Evil is not threatened by indifference. It is perhaps its greatest ally. Fairy tales invariably describe evil as a great darkness or void. In point of fact, evil is probably not all that great. It’s the black hole at the center of something much more nebulous. Indifference, on the other hand, can be quite large and extensive. Although we cannot call indifference wicked, it certainly is not of the light and has nothing of love or life about it. The rich man, who ignored poor Lazarus at his gate and went to hell when he died, may not have done much else wrong in his life beyond satisfying his own needs and those of his blood relatives without a care for the less fortunate around him. He recognized only in his torment the fullness of love and life which he had not sought or shared here on earth. Jesus tells us that Abraham assured the rich man that if the Law and the Prophets couldn’t touch such stony hearts as his then neither would someone raised from the dead be able to rescue his brothers at home from sharing his fate.

Our drama or dilemma in life may not necessarily be crime but rather stupor. The guards which the enemies of Christ set at His Tomb to see that His disciples did not steal His Body slept through the Resurrection. Without horns or tails or pitchforks, they represent the opposite of the fullness of love and life, they are aligned with evil. Yes, they were aligned with the bad guys. They lost all hope by reason of their indifference.

“We pray that in this Eucharist we may find the fullness of love and life.”

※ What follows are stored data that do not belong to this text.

(* Reflexivity and symmetry only use that N is a group (Q is closed under negation and
   contains 0), together with the fact that the torus acts by homeomorphisms commuting
   with A.  Call x "balanced" if
   |x_j|^2 = <mu, X_j> - lambda_j for some mu, i.e. x lies over the moment-map level set.
   We prove, in the spirit of the Kempf--Ness theorem, that
     (1) every A-orbit closure of a point of C^d_Delta contains a balanced point: it is a
         limit along a minimising sequence of the coercive potential
         Y |-> sum_j |exp(iY) p|_j^2 - 4 pi <lambda, Y> on ker pi, and first-order
         optimality along ker pi is exactly the balance condition;
     (2) an A-orbit closure contains at most one balanced point: comparing the growth
         rates of the coordinates along two approximating sequences yields a sum that is
         positive yet vanishes because ker pi is orthogonal to the image of pi^T;
     (3) balanced points lie in C^d_Delta.
   If z ~ w ~ y, the balanced points of the relevant orbit closures inside closure(A w)
   therefore coincide, and composing the two torus elements shows z ~ y. *)

lemma piX_add: "piX X (a + b) = piX X a + piX X b"
  by (simp add: piX_def scaleR_add_left sum.distrib)

lemma piX_uminus: "piX X (- a) = - piX X a"
  by (simp add: piX_def sum_negf)

lemma piX_diff: "piX X (a - b) = piX X a - piX X b"
  using piX_add[of X a "- b"] by (simp add: piX_uminus)

lemma piX_zero: "piX X 0 = 0"
  by (simp add: piX_def)

lemma piX_scale: "piX X (t *\<^sub>R a) = t *\<^sub>R piX X a"
  by (simp add: piX_def scaleR_sum_right)

lemma inner_piX: "\<mu> \<bullet> piX X Y = (\<Sum>j\<in>UNIV. (\<mu> \<bullet> X j) * Y $ j)"
  by (simp add: piX_def inner_sum_right mult.commute)

lemma int_span_zero: "0 \<in> int_span S"
  unfolding int_span_def by (rule CollectI, rule exI[of _ "\<lambda>_. 0"], rule exI[of _ "{}"]) simp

In just a few days time we will be hearing an Easter refrain which invites the sleeper to rise with Christ. Oh, that we might do so! We pray that Lent has been for each of you a time to cast sin out of your lives and that tonight and in the memorable days of the Easter Triduum we will be drawn with eyes and heart wide open to Christ!

Catholic tradition teaches us that emotion is not a trustworthy measure of either sanctity or devotion. When I ask the question: “Where is my heart?” I am really asking a dynamic question, namely: “Where am I headed?” Some people are headed toward a bad end and many more do not know and do not care where they are going as long as it is not too uncomfortable. The Catholic way is another path through life and it might be quite sober. Our cross in life might have to be worshipping and praying without feeling any tugs at our heart-strings, no emotions, no fire. Catholic faith is not a tent revival. That may be hard, but if you are in touch with what matters in life, you will know that the direction you have chosen is much more important than the dust you might kick up as you go your way.

Where is your heart? Where are you headed in life? Do you know? Do you care? Jesus’ and Peter’s dialogue over the significance of the foot-washing is very telling. Peter is one big knot of emotions over the whole business, but Jesus sorts him out in no time. Whether we are torn by emotion or numb for whatever reason, whether you have been working up to tonight all Lent long or just somehow drifted in off the street, turn again to Jesus, turn as if for the first time to Jesus in the Eucharist. Discover Him for Who He is and become a part of Him in this great sacrament. Let Jesus wash your feet and bind you to Himself.

“We pray that in this Eucharist we may find the fullness of love and life.”